2018: The Year To…Posted: January 6, 2018
It is January 5, 2018.
That feels strange to type.
As I write this, I am sitting at my dining room table, next to my diffuser, a snowy scene out the window. It is really stinking cold outside (6 degrees with a real feel of -18 degrees).
Today, I literally walked back and forth around my apartment and listened to the Bible App to get some steps in and catch up on my reading plan (I get motion sickness if I try to read and walk at the same time). I just don’t want to go outside. I’m conducting my first funeral service tomorrow and still have some prep to do on my message (Side note: This is also strange to type)…and I start a new class on Monday. It feels weird after taking a couple of months off.
A few days ago, I reflected on 2017. Today, we look ahead. Onward and upward, am I right?!
So, it’s 2018.
Ben and I are starting the year off feeling a bit more at home in our new city and we are making some plans and looking ahead to what God has in store.
Personally, I’m finally feeling like I am in a place to tackle some new challenges. I spent much of last year feeling hidden, stuck and a bit out of control. I am thankful for the growth that occurred but I spent a lot of time having doors slammed in my face (or at least it felt that way).

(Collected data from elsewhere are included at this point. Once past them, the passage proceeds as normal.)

text \<open>For a unit vector \<open>(x\<^sub>1, x\<^sub>2)\<close> of \<open>H \<oplus> H\<close> the quadratic form of the operator matrix splits
  into the diagonal part \<open>\<langle>A x\<^sub>1, x\<^sub>1\<rangle> + \<langle>D x\<^sub>2, x\<^sub>2\<rangle>\<close>, bounded by \<open>max (w A) (w D)\<close>, and the
  off-diagonal part \<open>s = \<langle>B x\<^sub>2, x\<^sub>1\<rangle> + \<langle>C x\<^sub>1, x\<^sub>2\<rangle>\<close>. The latter is \<open>\<langle>a, e\<rangle> = \<langle>e, b\<rangle>\<close> for
  \<open>e = (x\<^sub>1, x\<^sub>2)\<close>, \<open>a = (B x\<^sub>2, C x\<^sub>1)\<close> and \<open>b = (C\<^sup>* x\<^sub>2, B\<^sup>* x\<^sub>1)\<close>, so Buzano's inequality gives
  \<open>2 |s|\<^sup>2 \<le> \<parallel>a\<parallel> \<parallel>b\<parallel> + |\<langle>a, b\<rangle>|\<close>. Here \<open>\<langle>a, b\<rangle> = \<langle>BC x\<^sub>1, x\<^sub>1\<rangle> + \<langle>CB x\<^sub>2, x\<^sub>2\<rangle>\<close> is controlled by
  \<open>w(BC)\<close> and \<open>w(CB)\<close>, while \<open>\<parallel>a\<parallel>\<^sup>2 + \<parallel>b\<parallel>\<^sup>2\<close> and \<open>\<parallel>a\<parallel>\<^sup>4 + \<parallel>b\<parallel>\<^sup>4\<close> are controlled by the norms of
  \<open>|B|\<^sup>2 + |C\<^sup>*|\<^sup>2\<close>, \<open>|B\<^sup>*|\<^sup>2 + |C|\<^sup>2\<close> and of their fourth-power analogues. Squaring Buzano's bound,
  splitting \<open>|\<langle>a, b\<rangle>|\<^sup>2\<close> as an \<open>\<alpha>\<close>-convex combination of two of its upper bounds and using
  \<open>(m + t)\<^sup>4 \<le> 8 m\<^sup>4 + 8 t\<^sup>4\<close> yields the estimate. The adjoint, which the definitions only
  describe implicitly, is obtained from the Riesz representation theorem.\<close>

section \<open>Complex inner product spaces\<close>

lemma cinner_add_right: "cinner x (y + z) = cinner x y + cinner x z"
  by (simp only: cinner_commute[of x "y + z"] cinner_add_left complex_cnj_add
      cinner_commute[of y x] cinner_commute[of z x] complex_cnj_cnj)

lemma cinner_scaleC_right: "cinner x (scaleC a y) = cnj a * cinner x y"
  by (simp only: cinner_commute[of x "scaleC a y"] cinner_scaleC_left complex_cnj_mult
      cinner_commute[of y x] complex_cnj_cnj)

lemma cinner_scaleR_left: "cinner (r *\<^sub>R x) y = complex_of_real r * cinner x y"
  by (simp add: scaleC_of_real[symmetric] cinner_scaleC_left)

lemma cinner_scaleR_right: "cinner x (r *\<^sub>R y) = complex_of_real r * cinner x y"
  by (simp add: scaleC_of_real[symmetric] cinner_scaleC_right)

lemma cinner_zero_right [simp]: "cinner x 0 = 0"
  using cinner_scaleR_right[of x 0 0] by simp

lemma cinner_diff_left: "cinner (x - y) z = cinner x z - cinner y z"
  using cinner_add_left[of "x - y" y z] by simp

lemma cinner_diff_right: "cinner x (y - z) = cinner x y - cinner x z"
  using cinner_add_right[of x "y - z" z] by simp

lemma cinner_eq_zero_iff: "cinner x x = 0 \<longleftrightarrow> x = 0"
  by (simp add: cinner_self_norm)

lemma cinner_eqI:
  assumes "\<And>z. cinner z x = cinner z y"
  shows "x = y"
proof -
  have "cinner (x - y) (x - y) = 0" using assms[of "x - y"] by (simp add: cinner_diff_right)
  then show ?thesis by (simp add: cinner_eq_zero_iff)
qed
lemma card_Int_ge_if_theta_class_eq:
  assumes "5 \<le> n" "B \<in> theta_bases n" "B' \<in> theta_bases n"
    and same_class: "theta_class n B = theta_class n B'"
  shows "n \<le> card (B \<inter> B') + 3"
proof -
  let ?c = "theta_class n B"
  have "card (B \<inter> theta_X n) + card (B' \<inter> theta_X n) \<le> card (B \<inter> B' \<inter> theta_X n) + 3"
  proof (cases "?c = n - 2")
    case False
    then have "Inl ?c \<in> B \<inter> B' \<inter> theta_X n"
      using theta_class_cases[of n B] theta_class_cases[of n B'] same_class
        theta_class_le[of n B] theta_class_positive[OF _ assms(2)] assms(1) by auto
    then have "1 \<le> card (B \<inter> B' \<inter> theta_X n)"
      using card_0_eq[of "B \<inter> B' \<inter> theta_X n"] by fastforce
    then show ?thesis using theta_basis_card_X[OF assms(2)] theta_basis_card_X[OF assms(3)] by simp
  next
    case True
    let ?Z = "Inl ` {n - 2..n} :: (nat + nat) set"
    have last_three: "D \<inter> theta_X n \<subseteq> ?Z" if "theta_class n D = n - 2" for D
    proof
      fix x assume "x \<in> D \<inter> theta_X n"
      then obtain i where "x = Inl i" "i \<le> n" "Inl i \<in> D" by (auto simp: theta_X_def)
      moreover have "\<not> i < n - 2" using theta_class_minimal[of i n D] that \<open>Inl i \<in> D\<close> by auto
      ultimately show "x \<in> ?Z" by auto
    qed
    have "card (B \<inter> theta_X n) + card (B' \<inter> theta_X n)
        \<le> card ?Z + card ((B \<inter> theta_X n) \<inter> (B' \<inter> theta_X n))"
      by (rule card_add_le_card_Int)
        (use last_three True same_class in auto)
    moreover have "card ?Z = 3" using assms(1) by (simp add: card_image)
    ultimately show ?thesis by (simp add: Int_ac)
  qed
  then show ?thesis using theta_bases_card_Int_ge[OF assms(2,3)] by linarith
qed

lemma theta_bases_far_apart:
  assumes "4 \<le> n"
  obtains B B' where "B \<in> theta_bases n" "B' \<in> theta_bases n" "sdist B B' = 8"
proof
  let ?B1 = "Inl ` {1, 2} \<union> (theta_Y n - Inr ` {1, 2})"
  let ?B2 = "Inl ` {3, 4} \<union> (theta_Y n - Inr ` {3, 4})"
  show "?B1 \<in> theta_bases n" "?B2 \<in> theta_bases n"
    by (rule exchange_in_theta_bases; use assms in auto)+
  have "(?B1 - ?B2) \<union> (?B2 - ?B1) = {Inl 1, Inl 2, Inl 3, Inl 4, Inr 1, Inr 2, Inr 3, Inr 4}"
    using assms by auto
  then show "sdist ?B1 ?B2 = 8" by (simp add: sdist_def)
qed
lemma P2_privacy_mutual_info_eq:
  assumes "\<forall>\<omega>\<in>set_pmf \<mu>. \<Omega>1 \<omega> \<subseteq> D \<and> \<Omega>2 \<omega> \<subseteq> D"
  shows "mutual_info \<mu> (\<lambda>\<omega>. D - \<Omega>2 \<omega>)
           (\<lambda>\<omega>. (Q \<omega>, A \<omega>, restrict (\<lambda>k. if k \<in> \<Omega>1 \<omega> then 1 else (0::nat)) D, R \<omega>))
       = mutual_info \<mu> \<Omega>2 (\<lambda>\<omega>. (Q \<omega>, A \<omega>, \<Omega>1 \<omega>, R \<omega>))"
proof (rule mutual_info_relabel)
  show "inj_on (\<lambda>U. D - U) (\<Omega>2 ` set_pmf \<mu>)"
    using assms by (auto intro: inj_on_subset[OF inj_on_Diff_left])
  show "inj_on (\<lambda>(q, a, U, r). (q, a, restrict (\<lambda>k. if k \<in> U then 1 else (0::nat)) D, r))
          ((\<lambda>\<omega>. (Q \<omega>, A \<omega>, \<Omega>1 \<omega>, R \<omega>)) ` set_pmf \<mu>)"
    using assms by (fastforce simp: inj_on_def restrict_indicator_eq_iff)
qed auto

theorem theorem1:
  fixes \<mu> :: "'w pmf" and K N1 :: nat and \<Omega>1 \<Omega>2 :: "'w \<Rightarrow> nat set"
    and Q :: "nat \<Rightarrow> 'w \<Rightarrow> 'q" and A :: "nat \<Rightarrow> 'w \<Rightarrow> 'a" and RS :: "'w \<Rightarrow> 'r"
  defines "W \<equiv> \<lambda>k \<omega>. if k \<in> \<Omega>1 \<omega> then 1 else (0::nat)"
    and "E \<equiv> \<lambda>\<omega>. restrict (\<lambda>k. if k \<in> \<Omega>1 \<omega> then 1 else (0::nat)) (\<Omega>2 \<omega>)"
    and "\<Omega> \<equiv> \<lambda>\<omega>. {1..K} - \<Omega>2 \<omega>"
    and "QA \<equiv> \<lambda>\<omega>. (map (\<lambda>n. Q n \<omega>) [1..<N1+1], map (\<lambda>n. A n \<omega>) [1..<N1+1])"
  assumes "K \<ge> 2" and "N1 \<ge> 1" and "finite (set_pmf \<mu>)"
    and "\<forall>\<omega>\<in>set_pmf \<mu>. \<Omega>1 \<omega> \<subseteq> {1..K} \<and> \<Omega>2 \<omega> \<subseteq> {1..K}"
    and "\<exists>c. \<forall>\<omega>\<in>set_pmf \<mu>. card (\<Omega>2 \<omega>) = c"
    and "\<forall>n\<in>{1..N1}. cond_entropy \<mu> (A n) (\<lambda>\<omega>. (Q n \<omega>, \<Omega>1 \<omega>, RS \<omega>)) = 0"
  shows
   "((\<forall>P2 \<in> \<Omega>2 ` set_pmf \<mu>.
        cond_entropy (cond_pmf \<mu> {\<omega>. \<Omega>2 \<omega> = P2}) (\<lambda>\<omega>. \<Omega>1 \<omega> \<union> \<Omega>2 \<omega>) (\<lambda>\<omega>. (QA \<omega>, \<Omega>2 \<omega>)) = 0)
     \<and> (\<forall>n\<in>{1..N1}. mutual_info \<mu> \<Omega>2 (\<lambda>\<omega>. (Q n \<omega>, A n \<omega>, \<Omega>1 \<omega>, RS \<omega>)) = 0)
     \<and> (\<forall>P2 \<in> \<Omega>2 ` set_pmf \<mu>.
        mutual_info (cond_pmf \<mu> {\<omega>. \<Omega>2 \<omega> = P2}) E (\<lambda>\<omega>. (QA \<omega>, \<Omega>2 \<omega>)) = 0))
    \<longleftrightarrow>
    ((\<forall>P \<in> \<Omega> ` set_pmf \<mu>.
        cond_entropy (cond_pmf \<mu> {\<omega>. \<Omega> \<omega> = P}) (\<lambda>\<omega>. restrict (\<lambda>k. W k \<omega>) P) (\<lambda>\<omega>. (QA \<omega>, \<Omega> \<omega>)) = 0)
     \<and> (\<forall>n\<in>{1..N1}. mutual_info \<mu> \<Omega> (\<lambda>\<omega>. (Q n \<omega>, A n \<omega>, restrict (\<lambda>k. W k \<omega>) {1..K}, RS \<omega>)) = 0)
     \<and> (\<forall>P \<in> \<Omega> ` set_pmf \<mu>.
        mutual_info (cond_pmf \<mu> {\<omega>. \<Omega> \<omega> = P}) (\<lambda>\<omega>. restrict (\<lambda>k. W k \<omega>) ({1..K} - P)) (\<lambda>\<omega>. (QA \<omega>, \<Omega> \<omega>)) = 0))"
proof -
  note in_range = assms(8)
  have per_realization:
    "cond_entropy (cond_pmf \<mu> {\<omega>. \<Omega> \<omega> = {1..K} - P2}) (\<lambda>\<omega>. restrict (\<lambda>k. W k \<omega>) ({1..K} - P2))
        (\<lambda>\<omega>. (QA \<omega>, \<Omega> \<omega>))
      = cond_entropy (cond_pmf \<mu> {\<omega>. \<Omega>2 \<omega> = P2}) (\<lambda>\<omega>. \<Omega>1 \<omega> \<union> \<Omega>2 \<omega>) (\<lambda>\<omega>. (QA \<omega>, \<Omega>2 \<omega>))
     \<and> mutual_info (cond_pmf \<mu> {\<omega>. \<Omega> \<omega> = {1..K} - P2})
        (\<lambda>\<omega>. restrict (\<lambda>k. W k \<omega>) ({1..K} - ({1..K} - P2))) (\<lambda>\<omega>. (QA \<omega>, \<Omega> \<omega>))
      = mutual_info (cond_pmf \<mu> {\<omega>. \<Omega>2 \<omega> = P2}) E (\<lambda>\<omega>. (QA \<omega>, \<Omega>2 \<omega>))"
    if P2: "P2 \<in> \<Omega>2 ` set_pmf \<mu>" for P2
  proof -
    have P2_range: "P2 \<subseteq> {1..K}"
      using P2 in_range by auto
    have conditioning: "cond_pmf \<mu> {\<omega>. \<Omega> \<omega> = {1..K} - P2} = cond_pmf \<mu> {\<omega>. \<Omega>2 \<omega> = P2}"
      unfolding \<Omega>_def using P2 in_range by (intro cond_pmf_Diff_event) auto
    have support: "\<forall>\<omega>\<in>set_pmf (cond_pmf \<mu> {\<omega>. \<Omega>2 \<omega> = P2}).
        \<Omega>1 \<omega> \<subseteq> {1..K} \<and> \<Omega>2 \<omega> = P2"
    proof -
      have "set_pmf \<mu> \<inter> {\<omega>. \<Omega>2 \<omega> = P2} \<noteq> {}"
        using P2 by blast
      then show ?thesis
        using in_range by (simp add: set_cond_pmf)
    qed
    show ?thesis
      unfolding conditioning unfolding \<Omega>_def W_def E_def double_diff[OF P2_range order.refl]
      using support
      by (intro conjI reliability_cond_entropy_eq[OF _ P2_range] P1_privacy_mutual_info_eq[OF _ P2_range];
          blast)
  qed
  have realizations: "(\<forall>P \<in> \<Omega> ` set_pmf \<mu>. Pr P) \<longleftrightarrow> (\<forall>P2 \<in> \<Omega>2 ` set_pmf \<mu>. Pr ({1..K} - P2))"
    for Pr
    unfolding \<Omega>_def by blast
  have P2_privacy:
    "mutual_info \<mu> \<Omega> (\<lambda>\<omega>. (Q n \<omega>, A n \<omega>, restrict (\<lambda>k. W k \<omega>) {1..K}, RS \<omega>))
      = mutual_info \<mu> \<Omega>2 (\<lambda>\<omega>. (Q n \<omega>, A n \<omega>, \<Omega>1 \<omega>, RS \<omega>))" for n
    unfolding \<Omega>_def W_def by (rule P2_privacy_mutual_info_eq[OF in_range])
  show ?thesis
    unfolding realizations P2_privacy
    by (intro conj_cong ball_cong refl) (simp_all only: per_realization)
qed

end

As I mentioned in my last post, something has shifted. I’m finally feeling God tell me to move. What does that means exactly? I’m not sure…. but I do know that our move and this new ministry position was part of it.
I go back and forth with New Year’s resolutions. Some years, I love them, others… I want nothing to do with them. This year, I’ve decided on a word for the year instead.
So, without further ado… My word for 2018 is Bloom…as in, bloom where I am planted.
I know that sounds like kind of a soft, flowery word (get it? ha!) but for me, it means to thrive, to grow and to push forward. It is getting back to the boldness that I haven’t felt in a long time.
Simply put, I’m tired of making excuses and I’m tired of apologizing. I’m tired of shrinking back. That’s not who God created me to be. This does NOT mean that I have to be the center of attention, and it doesn’t mean that I go into every situation with guns blazing, not by any means. I have learned to pick my battles (most of the time).
But it also means that I refuse to apologize for who I am. I refuse to “have to” explain or justify my decisions…and I refuse to apologize for being a woman called by God into ministry.
It’s not been easy to comes to grips with all of this. It’s been a very long and a very lonely road. But this time has also helped me figure out who my people are. It’s a short list but it’s solid.
If I have learned anything in the last year, it’s that I have to answer to God first. I’d love to say that I’ve always known this, but I think it needed to be reiterated (numerous times) over the last year. The thing is, if I feel the need to justify myself to someone, they probably aren’t going to change their mind, anyway…and that’s okay. It’s just not worth it. The people who really matter won’t need justification.
I learned this the hard way…and I spent a lot of time being offended and discouraged, but in the end, it’s made me more confident in who I am in Christ. That is what is really important. And as I continue to realize this, the less I feel the need to fight to prove myself. Instead, I’ve been okay to just… be.
And it means that I am finally ready to get back to what’s important… to blooming.
God has me here, in this exact place and at this exact time, for a reason. And I intend to use this time to do His work. To continue to grow and mature and to do something new for Him! I’m feeling that it’s time to get to work! I suspect the same can be said for each of us. At the end of the day, no matter what anyone else says, we matter and we have a purpose.
Paul lovingly writes to Timothy, in his second letter:
“Therefore I remind you to stir up the gift of God which is in you through the laying on of my hands. For God has not given us a spirit of fear, but of power and of love and of a sound mind” (2 Timothy 1:6-7, NKJV).
By shrinking back and worrying about what other people think, we aren’t using our gifts. Further, we aren’t doing God’s work and we are doing the people around us a disservice. I don’t know about you, but I don’t want to look back and realize that I missed out on an opportunity for fear of offending someone.
Now I know what you’re thinking… how can we love people if we end up offending them? But that’s just it! It’s high time that we speak truth and we fan into flame our gifts BECAUSE we love others! Again, it’s that idea of picking our battles. What are you wiling to let slide and what are you willing to fight for?
This doesn’t mean that we do more. And it doesn’t mean that we say more. It doesn’t even mean that we go full force into battle every day.
Instead, it means that we obey.
We choose to follow Christ. Every single day. One of my favorite quotes sums it up perfectly. “You go where you’re sent and you stay where you’re put and you give what you’ve got” (Jill Briscoe). And in doing that, God is going to work in us and through us. Even if we don’t see it right away. Even if we never see it…we choose to obey. We keep going and we follow through.
That is what Bloom means to me. It’s the follow through.
So, that’s what 2018 is-The year to bloom. What’s in store remains to be seen…but I’m okay with that. The best is yet to come!
Let’s chat! What does “Bloom” mean to you? Do you have any big plans for 2018? Word of the Year or Resolutions?